We fill in the diagram in the notebook:

Protein +__________= ___________ staining

protein + conc. HNO3 = yellow staining

In case of careless handling of nitric acid, a yellow spot remains from its contact with the skin. This is a xantoprotein reaction with integumentary tissues.

These qualitative reactions can be applied in life. And when and where will you be prompted by a short video clip from Alla Surikova’s film “Look for a Woman” (Slide 12).

In what cases and for what purpose can they be applied in life? (In food industry, forensic science for protein detection)

Biuret and xantoprotein reactions are qualitative reactions, reactions that allow us to confidently judge whether the protein is in front of us or not.

3) Hydrolysis

What process is called protein hydrolysis?
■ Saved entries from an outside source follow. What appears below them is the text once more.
(* Let $p$ be an odd prime and let $\mathcal{S}\subset\mathbb{A}^3$ be the affine surface over $\mathbb{F}_{p^2}$ defined by $y^p-y=x^{p+1}z^2+x^2z^{p+1}$. Then the number of affine $\mathbb{F}_{p^2}$-points is $$\#\mathcal{S}(\mathbb{F}_{p^2})=p\big(2(p-1)^3+2(p-1)^2+2p^2-1\big)=2p^4-2p^3+2p^2-p.$$ *)

theory Defs
  imports "HOL-Computational_Algebra.Primes"
begin

end

theory Submission
  imports Defs "HOL-Number_Theory.Residues" "HOL-Computational_Algebra.Polynomial"
begin

text \<open>
  On a field \<open>F\<close> with \<open>p^2\<close> elements the Artin--Schreier map \<open>T y = y^p - y\<close> is additive,
  with kernel \<open>\<bbbF>\<^sub>p\<close> and image the trace-zero set \<open>{w. w^p + w = 0}\<close>: both are root sets of
  polynomials of degree \<open>p\<close>, and \<open>|ker T| \<cdot> |T F| = p^2\<close> forces both degree bounds to be attained.
  So every \<open>w\<close> has \<open>p\<close> or \<open>0\<close> preimages, and the surface has \<open>p\<close> times as many points as the
  curve \<open>G^p + G = 0\<close>, where \<open>G = x^(p+1) z^2 + x^2 z^(p+1)\<close>. Because \<open>x^(p^2) = x\<close>, this trace
  factors as \<open>x^2 z^2 (x^(p-1) + z^(p-1)) (1 + x^(p-1) z^(p-1))\<close>. The same counting shows that
  \<open>t \<mapsto> t^(p-1)\<close> maps \<open>F - {0}\<close> onto the \<open>(p+1)\<close>-st roots of unity with fibres of size \<open>p - 1\<close>,
  which counts the zeros of the factorisation on each line \<open>x = const\<close>.
\<close>

lemma card_eq_card_image_mult_fibre:
  assumes "finite A" and "\<And>a. a \<in> A \<Longrightarrow> card {a' \<in> A. f a' = f a} = k"
  shows "card A = card (f ` A) * k"
proof -
  have "card A = (\<Sum>b\<in>f ` A. card {a \<in> A. f a = b})"
    using sum.image_gen[OF assms(1), of "\<lambda>_. 1::nat" f] by simp
  also have "\<dots> = (\<Sum>b\<in>f ` A. k)"
    by (rule sum.cong) (use assms(2) in auto)
  finally show ?thesis by simp
qed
Insert missing words. (Slide 13)

Hydrolysis is the destruction ... of the protein structure under the influence of ..., as well as aqueous solutions of acids or alkalis. (primary, enzymes)

What products are formed during the hydrolysis of proteins? (amino acids)

How can you change the equation for a peptide formation reaction to turn it into a hydrolysis reaction? (Write it backwards)

To formulate the reaction equation for the hydrolysis of glycylalanine dipeptide, add water. The peptide bond is broken. The hydrogen atom is attached to the remainder of the amino group, the hydroxo group to the remainder of the carboxyl group.

The general scheme of protein hydrolysis is in your textbook.

Hydrolysis is the basis of digestion.

4) Combustion (with the formation of carbon dioxide, water, nitrogen.)

Smell: ... .

How to check that a product is made of wool? (Wool is a protein, you need to burn a piece of thread and determine the result by smell)

Proceed to the laboratory experiment according to the instructions. (Slide 14)

We have looked at the basic chemical functions of proteins.

III. Fixing (3 min.)

front poll.

Before you on the slide are groups of words. Summarize several words with 1 word or term. (Slide 15-23)

A) tertiary, secondary, primary, quaternary -? (structures)

B) 20, irreplaceable -? (amino acid)

C) proteins, fats, carbohydrates -? (organic matter)

D) temperature, reversible, irreversible -? (denaturation)

D) pepsin, amylase, trypsin -? (enzymes)

E) Cu(OH) 2, violet color - ? (biuret reaction)

IV. Conclusion (1 min.)

Final word from the teacher.

Today we got acquainted with the chemistry of protein. Chemists have not studied a single substance for as long as proteins before they managed to unravel the secret of their structure. They play an important role not only in the human body, but also in life. It is no coincidence that in translation from Greek, proteins are called proteins, which means “first, main”.

V. Homework (1 min.)

Section 27

Prepare messages on the topics:

A) the use of color reactions

B) the history of the study of proteins

C) factors that cause denaturation.

Literature

1. Artemenko A.I. The wonderful world of organic chemistry. - M.: Bustard, 2004.

2. Gorkovenko M.Yu. Lesson developments in chemistry for educational sets of O.S. Gabrielyan and others. Grade 10. M. "VAKO", 2005.

3. Ryabov M.A. Collection of tasks and exercises in chemistry: 10th grade: to the textbook by O.S. Gabrielyan and others “Chemistry. Grade 10". - M.: Exam, 2008.

4. Chemistry grade 10. Proc. for general education institutions / O.S.Gabrielyan, F.N.Maskaev, S.Yu.Ponomarev, V.I.Terenin. – M.: Bustard, 2010.